*** Begin section ***

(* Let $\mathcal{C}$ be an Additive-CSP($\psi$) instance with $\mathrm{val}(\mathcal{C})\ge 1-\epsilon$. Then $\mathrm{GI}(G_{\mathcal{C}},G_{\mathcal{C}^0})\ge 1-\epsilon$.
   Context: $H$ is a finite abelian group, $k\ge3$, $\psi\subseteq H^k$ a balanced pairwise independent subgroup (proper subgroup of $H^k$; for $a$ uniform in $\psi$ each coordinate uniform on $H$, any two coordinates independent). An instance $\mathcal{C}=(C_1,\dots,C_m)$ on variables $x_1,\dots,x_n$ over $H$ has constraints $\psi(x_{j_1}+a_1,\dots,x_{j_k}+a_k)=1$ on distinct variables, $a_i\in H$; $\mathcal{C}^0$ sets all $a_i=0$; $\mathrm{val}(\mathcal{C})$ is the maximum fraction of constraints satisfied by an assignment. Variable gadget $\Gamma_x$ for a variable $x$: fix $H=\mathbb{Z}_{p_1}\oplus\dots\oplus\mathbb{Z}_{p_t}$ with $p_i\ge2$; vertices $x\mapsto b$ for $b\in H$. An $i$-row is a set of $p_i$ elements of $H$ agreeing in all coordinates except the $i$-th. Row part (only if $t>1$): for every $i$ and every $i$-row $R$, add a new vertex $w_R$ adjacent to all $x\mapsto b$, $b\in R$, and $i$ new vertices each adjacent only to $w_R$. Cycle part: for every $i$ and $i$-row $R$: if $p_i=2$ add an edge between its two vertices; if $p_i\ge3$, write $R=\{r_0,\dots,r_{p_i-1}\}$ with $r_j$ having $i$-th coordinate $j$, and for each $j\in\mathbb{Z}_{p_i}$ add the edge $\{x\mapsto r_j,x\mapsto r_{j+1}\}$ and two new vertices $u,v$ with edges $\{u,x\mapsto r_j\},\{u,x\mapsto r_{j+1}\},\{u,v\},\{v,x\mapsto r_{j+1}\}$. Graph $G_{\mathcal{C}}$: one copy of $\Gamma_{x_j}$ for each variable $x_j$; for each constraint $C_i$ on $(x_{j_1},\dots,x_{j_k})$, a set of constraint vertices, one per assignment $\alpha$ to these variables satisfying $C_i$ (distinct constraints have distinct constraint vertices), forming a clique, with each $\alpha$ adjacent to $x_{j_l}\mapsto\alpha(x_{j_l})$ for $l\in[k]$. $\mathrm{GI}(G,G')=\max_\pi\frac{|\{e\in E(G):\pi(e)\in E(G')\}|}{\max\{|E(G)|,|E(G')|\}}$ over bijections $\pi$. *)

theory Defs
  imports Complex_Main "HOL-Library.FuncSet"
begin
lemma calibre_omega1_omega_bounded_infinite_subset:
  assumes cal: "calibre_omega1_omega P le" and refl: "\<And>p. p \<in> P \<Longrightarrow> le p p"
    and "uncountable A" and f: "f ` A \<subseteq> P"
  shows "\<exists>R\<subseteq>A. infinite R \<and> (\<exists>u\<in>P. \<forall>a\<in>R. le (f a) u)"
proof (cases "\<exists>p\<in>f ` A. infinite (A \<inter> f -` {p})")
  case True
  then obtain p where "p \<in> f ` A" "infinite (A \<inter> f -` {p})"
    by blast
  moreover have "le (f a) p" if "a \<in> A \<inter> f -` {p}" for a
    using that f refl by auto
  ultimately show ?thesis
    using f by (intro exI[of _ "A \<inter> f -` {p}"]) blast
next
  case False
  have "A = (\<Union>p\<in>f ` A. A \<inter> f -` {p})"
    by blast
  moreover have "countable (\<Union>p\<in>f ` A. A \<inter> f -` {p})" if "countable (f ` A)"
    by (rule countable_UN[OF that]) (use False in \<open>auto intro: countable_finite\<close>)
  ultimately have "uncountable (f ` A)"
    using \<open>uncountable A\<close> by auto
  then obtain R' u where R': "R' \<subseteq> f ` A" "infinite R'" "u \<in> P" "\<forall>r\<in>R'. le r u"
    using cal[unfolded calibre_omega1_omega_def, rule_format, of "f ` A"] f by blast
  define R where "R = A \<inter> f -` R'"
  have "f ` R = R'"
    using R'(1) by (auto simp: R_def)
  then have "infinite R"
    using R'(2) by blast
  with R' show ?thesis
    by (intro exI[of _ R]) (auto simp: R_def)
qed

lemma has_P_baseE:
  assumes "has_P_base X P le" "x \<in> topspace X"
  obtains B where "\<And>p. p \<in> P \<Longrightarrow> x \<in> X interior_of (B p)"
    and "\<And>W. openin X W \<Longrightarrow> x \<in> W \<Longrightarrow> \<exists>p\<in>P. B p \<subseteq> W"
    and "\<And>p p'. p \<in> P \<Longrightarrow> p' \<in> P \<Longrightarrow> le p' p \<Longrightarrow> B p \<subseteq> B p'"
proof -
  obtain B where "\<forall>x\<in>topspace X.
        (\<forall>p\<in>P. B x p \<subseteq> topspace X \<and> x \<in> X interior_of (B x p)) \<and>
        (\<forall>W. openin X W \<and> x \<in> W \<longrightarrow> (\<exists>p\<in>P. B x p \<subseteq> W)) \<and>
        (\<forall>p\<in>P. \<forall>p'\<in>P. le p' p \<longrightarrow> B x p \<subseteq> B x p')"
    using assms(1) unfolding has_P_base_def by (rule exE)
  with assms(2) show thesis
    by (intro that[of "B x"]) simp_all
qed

*** End section ***

What the exercise asks: Write out the full listing without altering anything.

Output for this task:
(* Let $\mathcal{C}$ be an Additive-CSP($\psi$) instance with $\mathrm{val}(\mathcal{C})\ge 1-\epsilon$. Then $\mathrm{GI}(G_{\mathcal{C}},G_{\mathcal{C}^0})\ge 1-\epsilon$.
   Context: $H$ is a finite abelian group, $k\ge3$, $\psi\subseteq H^k$ a balanced pairwise independent subgroup (proper subgroup of $H^k$; for $a$ uniform in $\psi$ each coordinate uniform on $H$, any two coordinates independent). An instance $\mathcal{C}=(C_1,\dots,C_m)$ on variables $x_1,\dots,x_n$ over $H$ has constraints $\psi(x_{j_1}+a_1,\dots,x_{j_k}+a_k)=1$ on distinct variables, $a_i\in H$; $\mathcal{C}^0$ sets all $a_i=0$; $\mathrm{val}(\mathcal{C})$ is the maximum fraction of constraints satisfied by an assignment. Variable gadget $\Gamma_x$ for a variable $x$: fix $H=\mathbb{Z}_{p_1}\oplus\dots\oplus\mathbb{Z}_{p_t}$ with $p_i\ge2$; vertices $x\mapsto b$ for $b\in H$. An $i$-row is a set of $p_i$ elements of $H$ agreeing in all coordinates except the $i$-th. Row part (only if $t>1$): for every $i$ and every $i$-row $R$, add a new vertex $w_R$ adjacent to all $x\mapsto b$, $b\in R$, and $i$ new vertices each adjacent only to $w_R$. Cycle part: for every $i$ and $i$-row $R$: if $p_i=2$ add an edge between its two vertices; if $p_i\ge3$, write $R=\{r_0,\dots,r_{p_i-1}\}$ with $r_j$ having $i$-th coordinate $j$, and for each $j\in\mathbb{Z}_{p_i}$ add the edge $\{x\mapsto r_j,x\mapsto r_{j+1}\}$ and two new vertices $u,v$ with edges $\{u,x\mapsto r_j\},\{u,x\mapsto r_{j+1}\},\{u,v\},\{v,x\mapsto r_{j+1}\}$. Graph $G_{\mathcal{C}}$: one copy of $\Gamma_{x_j}$ for each variable $x_j$; for each constraint $C_i$ on $(x_{j_1},\dots,x_{j_k})$, a set of constraint vertices, one per assignment $\alpha$ to these variables satisfying $C_i$ (distinct constraints have distinct constraint vertices), forming a clique, with each $\alpha$ adjacent to $x_{j_l}\mapsto\alpha(x_{j_l})$ for $l\in[k]$. $\mathrm{GI}(G,G')=\max_\pi\frac{|\{e\in E(G):\pi(e)\in E(G')\}|}{\max\{|E(G)|,|E(G')|\}}$ over bijections $\pi$. *)

theory Defs
  imports Complex_Main "HOL-Library.FuncSet"
begin
lemma calibre_omega1_omega_bounded_infinite_subset:
  assumes cal: "calibre_omega1_omega P le" and refl: "\<And>p. p \<in> P \<Longrightarrow> le p p"
    and "uncountable A" and f: "f ` A \<subseteq> P"
  shows "\<exists>R\<subseteq>A. infinite R \<and> (\<exists>u\<in>P. \<forall>a\<in>R. le (f a) u)"
proof (cases "\<exists>p\<in>f ` A. infinite (A \<inter> f -` {p})")
  case True
  then obtain p where "p \<in> f ` A" "infinite (A \<inter> f -` {p})"
    by blast
  moreover have "le (f a) p" if "a \<in> A \<inter> f -` {p}" for a
    using that f refl by auto
  ultimately show ?thesis
    using f by (intro exI[of _ "A \<inter> f -` {p}"]) blast
next
  case False
  have "A = (\<Union>p\<in>f ` A. A \<inter> f -` {p})"
    by blast
  moreover have "countable (\<Union>p\<in>f ` A. A \<inter> f -` {p})" if "countable (f ` A)"
    by (rule countable_UN[OF that]) (use False in \<open>auto intro: countable_finite\<close>)
  ultimately have "uncountable (f ` A)"
    using \<open>uncountable A\<close> by auto
  then obtain R' u where R': "R' \<subseteq> f ` A" "infinite R'" "u \<in> P" "\<forall>r\<in>R'. le r u"
    using cal[unfolded calibre_omega1_omega_def, rule_format, of "f ` A"] f by blast
  define R where "R = A \<inter> f -` R'"
  have "f ` R = R'"
    using R'(1) by (auto simp: R_def)
  then have "infinite R"
    using R'(2) by blast
  with R' show ?thesis
    by (intro exI[of _ R]) (auto simp: R_def)
qed

lemma has_P_baseE:
  assumes "has_P_base X P le" "x \<in> topspace X"
  obtains B where "\<And>p. p \<in> P \<Longrightarrow> x \<in> X interior_of (B p)"
    and "\<And>W. openin X W \<Longrightarrow> x \<in> W \<Longrightarrow> \<exists>p\<in>P. B p \<subseteq> W"
    and "\<And>p p'. p \<in> P \<Longrightarrow> p' \<in> P \<Longrightarrow> le p' p \<Longrightarrow> B p \<subseteq> B p'"
proof -
  obtain B where "\<forall>x\<in>topspace X.
        (\<forall>p\<in>P. B x p \<subseteq> topspace X \<and> x \<in> X interior_of (B x p)) \<and>
        (\<forall>W. openin X W \<and> x \<in> W \<longrightarrow> (\<exists>p\<in>P. B x p \<subseteq> W)) \<and>
        (\<forall>p\<in>P. \<forall>p'\<in>P. le p' p \<longrightarrow> B x p \<subseteq> B x p')"
    using assms(1) unfolding has_P_base_def by (rule exE)
  with assms(2) show thesis
    by (intro that[of "B x"]) simp_all
qed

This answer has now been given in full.